Thousands gathered Sunday for a final farewell to 284 people killed in Bosnia's 1992-1995 war, after their remains were exhumed from one of the largest mass graves found in the country.
"I hope it will be easier now," said 48-year old Suad Tatarevic, who came to bury some 40 family members lost to the mass killing, including his father and six brothers.
"At least I know where their graves are and can come to pray for them," he said as he knelt before the coffins of his loved ones, lined up with hundreds of others on a local playing field.
Tatarevic managed to flee when his father and brothers were killed on July 22, 1992, in their village of Zecovi.
His family were executed by Bosnian Serb forces as part of a campaign of ethnic cleansing at the beginning of the war, their bodies among 284 dumped in a huge mass grave.
Most of those killed were men, but they also included three women and a dozen teenagers aged 13 to 17 at the time.
All but one -- a Croat -- were Muslims from the northwestern towns of Kozarac and Prijedor and surrounding villages.

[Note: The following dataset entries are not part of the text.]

lemma sum_fixed_point_sum_conjugates:
  assumes "finite (carrier G)" and "subgroup D G" and "e \<in> carrier G"
  shows "(\<Sum>g\<in>carrier G. fixed_point_sum G D c (inv g \<otimes> e \<otimes> g))
       = real (card D) * fixed_point_sum G (carrier G) c e"
proof -
  let ?a = "\<lambda>L. real_of_int (c L) / real (card L)"
  have per_subgroup: "(\<Sum>g\<in>carrier G. real (conj_count G D (inv g \<otimes> e \<otimes> g) L))
      = real (card D) * real (conj_count G (carrier G) e L)" for L
    by (simp only: of_nat_sum[symmetric] of_nat_mult[symmetric] sum_conj_count_conjugates[OF assms])
  have "(\<Sum>g\<in>carrier G. fixed_point_sum G D c (inv g \<otimes> e \<otimes> g))
      = (\<Sum>L\<in>Pow (carrier G). \<Sum>g\<in>carrier G. ?a L * real (conj_count G D (inv g \<otimes> e \<otimes> g) L))"
    unfolding fixed_point_sum_def by (rule sum.swap)
  also have "\<dots> = (\<Sum>L\<in>Pow (carrier G). ?a L * (real (card D) * real (conj_count G (carrier G) e L)))"
    by (simp only: sum_distrib_left[symmetric] per_subgroup)
  also have "\<dots> = real (card D) * fixed_point_sum G (carrier G) c e"
    unfolding fixed_point_sum_def sum_distrib_left by (intro sum.cong refl) (rule mult.left_commute)
  finally show ?thesis .
qed

lemma conj_count_outside_normal:
  assumes D: "D \<lhd> G" and g: "g \<in> carrier G" "g \<notin> D" and H: "H \<subseteq> D"
  shows "conj_count G (carrier G) g H = 0"
proof -
  have "inv y \<otimes> g \<otimes> y \<notin> D" if y: "y \<in> carrier G" for y
  proof
    assume "inv y \<otimes> g \<otimes> y \<in> D"
    then have "y \<otimes> (inv y \<otimes> g \<otimes> y) \<otimes> inv y \<in> D" using normal.inv_op_closed2[OF D y] by blast
    then show False using g y by (simp add: m_assoc)
  qed
  then show ?thesis unfolding conj_count_def using H by (auto simp: card_eq_0_iff)
qed

lemma is_relation_induced:
  assumes fin: "finite (carrier G)" and D: "D \<lhd> G"
    and rel: "is_relation (G\<lparr>carrier := D\<rparr>) c"
  shows "is_relation G c"
proof -
  have Dsub: "subgroup D G" using D normal_imp_subgroup by blast
  have beD: "burnside_elem (G\<lparr>carrier := D\<rparr>) c" using rel unfolding is_relation_def by blast
  have c: "subgroup H G \<and> H \<subseteq> D" if "c H \<noteq> 0" for H
  proof -
    have H: "subgroup H (G\<lparr>carrier := D\<rparr>)" using beD that unfolding burnside_elem_def by blast
    show ?thesis using incl_subgroup[OF Dsub H] subgroup.subset[OF H] by simp
  qed
  have be: "burnside_elem G c" using beD c unfolding burnside_elem_def by blast
  have zero_on_D: "fixed_point_sum G D c d = 0" if "d \<in> D" for d
    using rel is_relation_subgroup_iff[OF fin Dsub beD] that by blast
  show ?thesis
    unfolding is_relation_iff[OF fin be]
  proof
    fix g assume g: "g \<in> carrier G"
    show "fixed_point_sum G (carrier G) c g = 0"
    proof (cases "g \<in> D")
      case True
      have "real (card D) * fixed_point_sum G (carrier G) c g = 0"
        using sum_fixed_point_sum_conjugates[OF fin Dsub g, of c, symmetric]
          zero_on_D normal.inv_op_closed1[OF D _ True] by simp
      moreover have "card D > 0" using subgroup.finite_imp_card_positive[OF Dsub fin] .
      ultimately show ?thesis by simp
    next
      case False
      then have "conj_count G (carrier G) g H = 0" if "H \<subseteq> D" for H
        using conj_count_outside_normal[OF D g _ that] by blast
      then show ?thesis unfolding fixed_point_sum_def using c by (auto intro!: sum.neutral)
    qed
  qed
qed

end

lemma is_relation_lincomb:
  assumes a: "is_relation G a" and b: "is_relation G b"
  shows "is_relation G (\<lambda>H. x * a H + y * b H)"
proof -
  let ?f = "\<lambda>H. x * a H + y * b H"
  let ?S = "{H. a H \<noteq> 0} \<union> {H. b H \<noteq> 0}"
  have finS: "finite ?S" using a b unfolding is_relation_def burnside_elem_def by blast
  have supp: "{H. ?f H \<noteq> 0} \<subseteq> ?S" by auto
  have be: "burnside_elem G ?f"
    using a b supp finS finite_subset unfolding is_relation_def burnside_elem_def by blast
  have "(\<Sum>H\<in>{H. ?f H \<noteq> 0}. ?f H * int (perm_char G H g)) = 0" if g: "g \<in> carrier G" for g
  proof -
    have extend: "(\<Sum>H\<in>{H. h H \<noteq> 0}. h H * int (perm_char G H g)) = (\<Sum>H\<in>?S. h H * int (perm_char G H g))"
      if "{H. h H \<noteq> 0} \<subseteq> ?S" for h :: "'a set \<Rightarrow> int"
      using that by (intro sum.mono_neutral_left[OF finS]) auto
    have "(\<Sum>H\<in>{H. ?f H \<noteq> 0}. ?f H * int (perm_char G H g))
        = x * (\<Sum>H\<in>?S. a H * int (perm_char G H g)) + y * (\<Sum>H\<in>?S. b H * int (perm_char G H g))"
      unfolding extend[OF supp] by (simp add: sum.distrib sum_distrib_left algebra_simps)
    also have "\<dots> = 0"
      using a b g extend[of a] extend[of b] unfolding is_relation_def by auto
    finally show ?thesis .
  qed
  then show ?thesis unfolding is_relation_def using be by blast
qed

section \<open>Relations supported in a normal subgroup\<close>

definition coset_rep :: "'a set \<Rightarrow> 'a" where
  "coset_rep C = (SOME y. y \<in> C)"

text \<open>\<open>\<Sum>\<^sub>r r \<cdot> c\<close> for the transversal \<open>{coset_rep C. C \<in> G/K}\<close>, where \<open>r \<cdot> c\<close> moves the
  coefficient of \<open>L\<close> to \<open>rLr\<inverse>\<close>; the guard keeps the support inside \<open>Pow (carrier G)\<close>.\<close>
definition transversal_conj_sum ::
  "('a, 'b) monoid_scheme \<Rightarrow> 'a set \<Rightarrow> ('a set \<Rightarrow> int) \<Rightarrow> 'a set \<Rightarrow> int" where
  "transversal_conj_sum G K c H = (if H \<subseteq> carrier G
     then \<Sum>C\<in>rcosets\<^bsub>G\<^esub> K. c (conj_sub G (inv\<^bsub>G\<^esub> coset_rep C) H) else 0)"

context group begin
(* Let $X$ be a cohesive almost zero-dimensional space. Then $X$ is nowhere rim-$\sigma$C: no point of $X$ has a neighborhood basis consisting of sets whose boundaries are $\sigma$C-sets in $X$. In particular $X$ is nowhere rim-$\sigma$-compact (no point has a neighborhood basis of sets with $\sigma$-compact boundaries) and nowhere rational (no point has a neighborhood basis of sets with countable boundaries).
   Context: All spaces are separable and metrizable. A subset $A$ of $X$ is a C-set in $X$ if it is an intersection of clopen subsets of $X$; a $\sigma$C-set is a countable union of C-sets. $X$ is almost zero-dimensional if every point has a neighborhood basis consisting of C-sets in $X$. $X$ is cohesive if every point $x\in X$ has a neighborhood which contains no non-empty clopen subset of $X$. *)

theory Defs
  imports "HOL-Analysis.Analysis"
begin

definition nbhd_basis_with :: "'a topology \<Rightarrow> ('a set \<Rightarrow> bool) \<Rightarrow> 'a \<Rightarrow> bool" where
  "nbhd_basis_with X P x \<longleftrightarrow>
     (\<forall>U. openin X U \<and> x \<in> U \<longrightarrow> (\<exists>N. N \<subseteq> U \<and> x \<in> X interior_of N \<and> P N))"

definition clopenin :: "'a topology \<Rightarrow> 'a set \<Rightarrow> bool" where
  "clopenin X C \<longleftrightarrow> openin X C \<and> closedin X C"

text \<open>C-set: an intersection of clopen subsets of X (the empty intersection being X itself).\<close>
definition C_set :: "'a topology \<Rightarrow> 'a set \<Rightarrow> bool" where
  "C_set X A \<longleftrightarrow> (\<exists>\<F>. (\<forall>C\<in>\<F>. clopenin X C) \<and> A = topspace X \<inter> \<Inter>\<F>)"

definition sigmaC_set :: "'a topology \<Rightarrow> 'a set \<Rightarrow> bool" where
  "sigmaC_set X A \<longleftrightarrow> (\<exists>\<F>. countable \<F> \<and> (\<forall>B\<in>\<F>. C_set X B) \<and> A = \<Union>\<F>)"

An imam said a prayer for the dead before their coffins were transported towards cemeteries in their home villages across the region.
Most of the victims were exhumed from a mass grave found last year in a disused mine in the village of Tomasica, some 20 kilometers (12 miles) from Prijedor.
Some 3,500 people were killed in the region at the beginning of the inter-ethnic war that claimed 100,000 lives throughout Bosnia. Some 700 people from the region remain unaccounted for.
Aldin Kahteran, 32, who was expelled from his village of Carakovo and now lives in France, had come home to bury father.
"In this region there were 3,500 deaths but only 16 Serb soldiers have been condemned" for these crimes, he said.
Between September and November 2013 forensic experts exhumed the remains of 435 people from the Tomasica mass grave, one of the largest uncovered since the war, but some victims have yet to be identified.
Bosnian Serbs took control of the Prijedor region in April 1992, forcing non-Serbs to leave their homes before destroying them.
Families were split up and thousands of people were thrown into three detention camps in the northwest, where they were held in squalid conditions, with many tortured and executed.
It was photographs of emaciated prisoners at Omarska -- reminiscent of the Nazi death camps -- broadcast in the summer of 1992 that shocked the world and drew international attention to the Serb campaign of so-called "ethnic cleansing".
The former Bosnian Serb political and military chiefs, Radovan Karadzic and Ratko Mladic, are currently standing trial before the International Criminal Tribunal for the former Yugoslavia in the Hague, charged among other crimes for their role in the atrocities in the Prijedor region.